Even from afar, I can tell the glass doors and windows of the one level clinic are shattered. As we roll Bill up the cement ramp to the clinic, a gaggle of children clutching stolen goods dash through the shattered doorframe and vanish down the alleys.
Light from Pamela’s torch reveals a long hallway strewn with office supplies.
“Wait here,” I tell them, and then take the torch and enter the building. With the knife firmly in my grasp, I walk down the corridor, shining the torch light into the various rooms, all of which have the appearance of a building ravaged by a hurricane. Anything that could be broken is broken: computers, chairs, glass cabinets that just a few days ago likely held medical supplies but now are bare. As a macabre joke, vandals placed the clinics demonstration skeleton in a chair behind the doctor’s desk, seated upright, nonchalantly resting its skull on one bony hand.

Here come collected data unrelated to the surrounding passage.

(* Let $d\geq 1$, let $p\in[0,1]$ with $p<p_d=\frac{2d+1}{4d}$, let $(S_n)$ be the $d$-dimensional elephant random walk with memory parameter $p$, and let $G_n=\frac{1}{n}\sum_{k=1}^n S_k$ be its center of mass. Then $$\lim_{n\to\infty}\frac{1}{n}G_n=0 \quad\text{almost surely.}$$
   Context: The $d$-dimensional elephant random walk (ERW) with memory parameter $p\in[0,1]$ is defined as follows. Let $e_1,\dots,e_d$ be the standard basis of $\mathbb{R}^d$; the $2d$ directions are $\pm e_1,\dots,\pm e_d$. Set $S_0=0$. The first step $X_1$ is uniformly distributed on the $2d$ directions. For $n\geq 1$, given $X_1,\dots,X_n$, an index $k$ is chosen uniformly at random in $\{1,\dots,n\}$, and then $X_{n+1}=X_k$ with probability $p$, while $X_{n+1}$ equals each of the $2d-1$ remaining directions with probability $(1-p)/(2d-1)$. The position is $S_{n+1}=S_n+X_{n+1}$. The regime $p<p_d$ is called the diffusive regime. *)

theory Defs
  imports "HOL-Probability.Probability"
begin

definition erw_dirs :: "(real ^ 'd) set" where
  "erw_dirs = {v. \<exists>i. \<exists>s::real. (s = 1 \<or> s = -1) \<and> v = (\<chi> j. if j = i then s else 0)}"

text \<open>Law of the d-dimensional elephant random walk with memory parameter p:
  the steps X 1, X 2, ... (index 0 unused) are discrete random variables on M;
  X 1 is uniform on the 2d directions, and conditionally on X 1 = h 1, ..., X n = h n,
  X (n+1) = v with probability (1/n) * sum_{k=1..n} (p if h k = v else (1-p)/(2d-1))
  (choose k uniformly, repeat X k with probability p, otherwise pick one of the
  2d-1 other directions uniformly).\<close>
definition is_erw :: "'a measure \<Rightarrow> real \<Rightarrow> (nat \<Rightarrow> 'a \<Rightarrow> real ^ 'd) \<Rightarrow> bool" where
  "is_erw M p X \<longleftrightarrow>
     prob_space M \<and>
     (\<forall>k. X k \<in> measurable M (count_space UNIV)) \<and>
     (\<forall>v\<in>erw_dirs. measure M {\<omega>\<in>space M. X 1 \<omega> = v} = 1 / (2 * real CARD('d))) \<and>
     (\<forall>n\<ge>1. \<forall>h::nat \<Rightarrow> real ^ 'd. \<forall>v\<in>erw_dirs.
        measure M {\<omega>\<in>space M. (\<forall>k\<in>{1..n}. X k \<omega> = h k) \<and> X (Suc n) \<omega> = v}
        = measure M {\<omega>\<in>space M. \<forall>k\<in>{1..n}. X k \<omega> = h k}
          * ((\<Sum>k=1..n. if h k = v then p else (1 - p) / (2 * real CARD('d) - 1)) / real n))"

I hurry back to Gwen, Bill, and Pamela. “Everybody’s gone. The clinic staff probably abandoned the place to protect themselves. The place is a wreck. Looters stole all the medical supplies.”
“No, no, no,” Pamela trembles. “What are we going to do?”
“Don’t worry, love,” Bill struggles to sit up. “I feel stronger now… getting my second wind.”
Pamela buries her face in her hands. “This is madness. Where are the authorities? Why don’t they put a stop to this?”
“I could be wrong, but I think we passed the police station,” Gwen looks about us warily. “It was burning to the ground. It’s not safe for us here. We should get back to the resort.”
Pamela grips the cart handle to prevent us from moving it. “No. No. We must get a doctor!”
Plaintively, I gesture to the vandalized clinic. “Pamela, the doctors are all gone.”
“They must be somewhere,” she insists. “You didn’t see their bodies in there, did you? No? Then that settles it. Someone here will tell us where the doctor is.”
“Even if we find the doctor what could they do for Bill without their supplies and the clinic looking like this?” Gwen asks.
Pamela hesitates as doubts shake her resolve, but then she stands firm and says, “You don’t know the supplies were stolen. Maybe the clinic staff removed all the supplies to protect it from the looters.”
Pamela is determined to scour the island for a doctor, and looking at Bill laboring to breathe I cannot fault her devotion. Gwen exchanges an uneasy glance with me, but we both know turning back without finding a doctor is not an option.
“Okay,” I agree. “Let’s make this quick.”
Backtracking, we propel the cart over the pitted, debris-strewn streets. Behind the shutters of a home, we glimpse the light of an oil lamp.
Pamela pounds on the doors. “Please, can you tell us where to find a doctor?”
I see movement behind the shutters—at least one person is definitely inside the home, but they do not answer the door.
“Please!” Pamela kicks the door. “Just tell us where a doctor is and we’ll leave!”
Gwen urgently taps my arm, and points towards a tall island man watching us from the shadows of a nearby building. On the other side of the street, another man also observes us with keen interest. My heart freezes when I realize they hold machetes in their hands.